Download Youtube Playlists and Release through Github Actions [ CI/CD ]

In some moments, Youtube algorithm is working perfect, but sometimes it shows a video from ten years ago from nowhere. For the moments where it shows and suggests videos/playlists to us, we might want to save the list of playlist and watch in some other time. It could be on a plane, train, bus, whenever you are planning to spent some time. However, taking the URL of a playlist and saving it to your cute note program might not be sufficient enough. There is a high chance that it will be forgotten or missed, therefore, I thought that it would be nice to have an automated way of saving playlists on somewhere and download them when I need. (- in particular, when there is no or limited internet connection -).

In this blog post, I will go through a simple project which downloads all the videos in a playlist and generates seperate tar.gz files for each playlist to release on Github using Github actions.

Requirements

Whenever starting a project, it is always nice to imply divide and conquer approach if you know what you would like to achieve. Divide and conquer approach will hugely assist you during the development and planning no matter what is the size of the project. As first step, let’s define what we need for accomblishing such a thing. ]

  • A library/program which downloads Youtube videos from given URL.
  • A library/program which compress the downloaded videos to minimize the size.
  • A workflow on Github Actions to trigger releases.

When the given components are clarified, only one more step left to have.
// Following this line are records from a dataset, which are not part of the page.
lemma alg_mult_frobenius_poly_le_1:
  assumes p: "Factorial_Ring.prime p" and char: "[(p::nat)] \<cdot> \<one> = \<zero>"
    and k: "0 < k" and a: "a \<in> carrier R"
  shows "alg_mult (frobenius_poly (p ^ k)) a \<le> 1"
proof (rule ccontr)
  interpret P: domain "poly_ring R"
    using univ_poly_is_domain[OF carrier_is_subring] .
  define q where "q = p ^ k"
  define f where "f = frobenius_poly q"
  define Y where "Y = [\<one>, \<ominus> a]"
  have q: "2 \<le> q"
    using prime_power_ge_2[OF p k] by (simp add: q_def)
  have f: "f \<in> carrier (poly_ring R)" by (simp add: f_def frobenius_poly_carrier)
  have Y: "Y \<in> carrier (poly_ring R)" "Y \<noteq> \<zero>\<^bsub>poly_ring R\<^esub>"
    using a unfolding Y_def sym[OF univ_poly_carrier] polynomial_def by (auto simp: univ_poly_zero)
  assume "\<not> alg_mult f a \<le> 1"
  then have mult: "2 \<le> alg_mult f a" by (simp add: f_def q_def)
  then obtain h where h: "h \<in> carrier (poly_ring R)"
    and f_eq: "f = (Y [^]\<^bsub>poly_ring R\<^esub> (2::nat)) \<otimes>\<^bsub>poly_ring R\<^esub> h"
    using le_alg_mult_imp_pdivides[OF a f] unfolding pdivides_def factor_def Y_def by auto
  have "is_root f a"
    using alg_mult_gt_zero_iff_is_root[OF f, of a] mult by linarith
  then have "a [^] q = a" using a by (simp add: f_def eval_frobenius_poly is_root_def)
  define W where "W = Y [^]\<^bsub>poly_ring R\<^esub> (q - 1)"
  have W: "W \<in> carrier (poly_ring R)" using Y by (simp add: W_def)
  have "Y [^]\<^bsub>poly_ring R\<^esub> q = Y \<otimes>\<^bsub>poly_ring R\<^esub> W"
    using Y(1) q P.nat_pow_Suc2[of Y "q - 1"] by (simp add: W_def)
  moreover have "f = Y [^]\<^bsub>poly_ring R\<^esub> q \<ominus>\<^bsub>poly_ring R\<^esub> Y"
    using frobenius_poly_shift[OF p char a] \<open>a [^] q = a\<close> by (simp add: f_def q_def Y_def)
  ultimately have "f = Y \<otimes>\<^bsub>poly_ring R\<^esub> (W \<ominus>\<^bsub>poly_ring R\<^esub> \<one>\<^bsub>poly_ring R\<^esub>)"
    using Y W by (simp add: P.r_distr P.r_minus a_minus_def)
  moreover have "f = Y \<otimes>\<^bsub>poly_ring R\<^esub> (Y \<otimes>\<^bsub>poly_ring R\<^esub> h)"
    using f_eq Y h by (simp add: numeral_2_eq_2 P.m_assoc)
  ultimately have "W \<ominus>\<^bsub>poly_ring R\<^esub> \<one>\<^bsub>poly_ring R\<^esub> = Y \<otimes>\<^bsub>poly_ring R\<^esub> h"
    using P.m_lcancel[OF Y(2) Y(1)] Y W h by simp
  then show False
    using linear_factor_pow_minus_one_not_multiple[OF a _ h, of "q - 1"] q
    by (simp add: W_def Y_def)
qed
There should be main component which combines the requirements given above. For this purpose, I will use Go programming language.

Available Tools

When existing libraries, tools and open source projects checked for the first requirement, there are some on Github, namely;

  • annie: 👾 Fast, simple and clean video downloader
  • youtube-dl: Command-line program to download videos from YouTube.com and other video sites
  • you-get: Dumb downloader that scrapes the web
  • ytdl: YouTube download library and CLI written in Go

These are the tools which enable users to download Youtube videos by providing the URL or the ID.(- some of them supports different social media platforms too, e.g vimeo -).

To make things simpler, I chose to use youtube-dl, since it is more promising than others and formats the output very well according to user output pattern.

Another point is to clarify which tool/library should I use to compress the downloaded videos from Youtube. With help of a little bit googling, I found out that pigz is quite nice tool which compress given folder/file in paralel by using all available cores of the machine. The second requirement is cleared as well, now it is time to combine both of them in one and add Github workflow on top it.

I will mention about the Github workflow file, after structure of the program which automates the process.

Code Structure

To make things faster (- in terms of development time -), I decided to go with using pre-existing binary file to execute commands, what I mean by that is basically having a pre-installed tool (youtube-dl & pigz) on the system before using this application.

If the readme file of youtube-dl is checked, youtube-dl can be installed as command line tool into your environment. It means that we can call the tool whenever we need from our application. There are other ways to accomblish it as well, such as instead of using pre-existing binary file, we can implement the functions in our application. However, the main idea of this post is NOT about how to create or use the library, the main idea is to present how it easy to have automated way of retrieving Youtube playlist videos and saving to Github Releases. The other requirement regarding to compress can be used in similar way. (- using a pre-existin command from system -)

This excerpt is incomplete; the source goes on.